Crypto and DeFi app builders grapple with fragmented onchain and offchain data, making it difficult to track user journeys, retention, and acquisition ROI. Most teams rely on incomplete tools that leave wallet addresses anonymous and insights buried.
This step-by-step guide details how to implement analytics with Dynamic embedded wallets.
What is Dynamic?
Dynamic provides wallet infrastructure that helps crypto and DeFi apps turn demand into revenue through embedded wallets and authentication tools. Recently acquired by Fireblocks, the platform now secures institutional-grade transactions while offering developer-friendly SDKs for rapid integration. It simplifies the user experience by removing the complexity of seed phrases and chain switching, allowing users to sign up with email or social accounts while maintaining non-custodial security.
The platform supports over 600 external wallets and delivers sub-second signing speeds, making it a robust choice for high-performance applications. As of 2026, Dynamic has onboarded more than 50M users and is trusted by industry leaders like Kraken, Stripe, and Magic Eden. (Dynamic)
Why Analytics Are Essential for Crypto and DeFi Apps Using Embedded Wallets
Embedded wallets like those from Dynamic lower the barrier to entry, but they also create a new challenge: understanding user behavior across the onchain and offchain divide. Traditional analytics tools track clicks and page views but fail to capture the critical financial actions that happen on the blockchain, such as swaps, stakes, or mints. Without unified analytics, teams cannot see if a user who signed up via email actually completed a transaction or funded their wallet.
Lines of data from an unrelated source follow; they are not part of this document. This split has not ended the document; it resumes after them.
text \<open>
  The right-hand side is the Lagrangian dual of the inner worst case over the Wasserstein ball
  around \<open>P x a\<close>, so the theorem is the robust Bellman equation combined with strong duality.

  Duality: weak duality comes from integrating \<open>f l \<le> f\<^sup>c(y) + \<lambda> \<bar>l - y\<bar>\<close> against any coupling,
  where \<open>f\<^sup>c(y) = max\<^sub>l (f l - \<lambda> \<bar>l - y\<bar>)\<close>. The dual objective is convex and piecewise affine in
  \<open>\<lambda>\<close> and attains its minimum. At a minimiser, sending each \<open>y\<close> to the nearest maximiser of
  \<open>f\<^sup>c(y)\<close> is still optimal slightly to the right of \<open>\<lambda>\<close>, and sending it to the farthest one slightly
  to the left; one-sided optimality then says that the first transport costs at most \<open>\<delta>\<close> and the
  second (if \<open>\<lambda> > 0\<close>) at least \<open>\<delta>\<close>. A mixture of the two spends exactly the budget and attains
  the dual value, so the worst case over the ball is attained and equals the dual infimum.

  Bellman equation: the robust Q-function equals the limit \<open>V\<close> of robust value iteration. Every
  admissible kernel is dominated by the iterates step by step. Conversely, for a discount
  \<open>\<beta> < 1\<close> the greedy worst-case kernel of the discounted value \<open>V\<^sub>\<beta>\<close> attains \<open>V\<^sub>\<beta>\<close>, because \<open>\<beta>\<^sup>n\<close>
  bounds what is left after \<open>n\<close> steps; since \<open>\<beta>\<^sup>n V\<^sub>n \<le> V\<^sub>\<beta>\<close>, letting \<open>\<beta> \<rightarrow> 1\<close> recovers every
  undiscounted iterate \<open>V\<^sub>n\<close>. Without discounting, a kernel that is greedy for \<open>V\<close> need not attain
  \<open>V\<close>, since it may keep the process away from the terminal states forever.
\<close>

lemma continuous_on_MAX:
  fixes g :: "'b \<Rightarrow> 'c::topological_space \<Rightarrow> 'd::linorder_topology"
  assumes "finite S" "S \<noteq> {}" "\<And>l. l \<in> S \<Longrightarrow> continuous_on D (g l)"
  shows "continuous_on D (\<lambda>t. MAX l\<in>S. g l t)"
  using assms
proof (induction S rule: finite_ne_induct)
  case (insert l S)
  then show ?case by (simp add: continuous_on_max)
qed simp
For platforms like Nansen, integrating wallet intelligence allowed them to expand into staking products and simplify interactions. Analytics bridge the gap by linking a user's web session to their wallet address. This connection reveals the full funnel, enabling teams to identify where users drop off during the funding process and which acquisition channels drive high-value users rather than just traffic.
Key Benefits of Analytics for Crypto and DeFi Apps
Implementing a dedicated analytics stack for onchain apps provides clarity that generalist tools cannot match. It transforms raw blockchain data into actionable product insights.
Identity Resolution: Analytics tools unify scattered wallet addresses and social logins into single user profiles, helping teams understand total user value across multiple chains and wallets.
Precise ROI Measurement: By attributing onchain revenue back to specific marketing campaigns, teams can calculate the exact cost of acquiring a funded wallet rather than just a site visitor.
Fraud Prevention: Monitoring transaction patterns helps detect Sybil attackers and bot activity before they drain reward pools or distort growth metrics.
Improved Retention: detailed event tracking reveals exactly where users encounter friction, allowing product teams to optimize flows for higher conversion rates.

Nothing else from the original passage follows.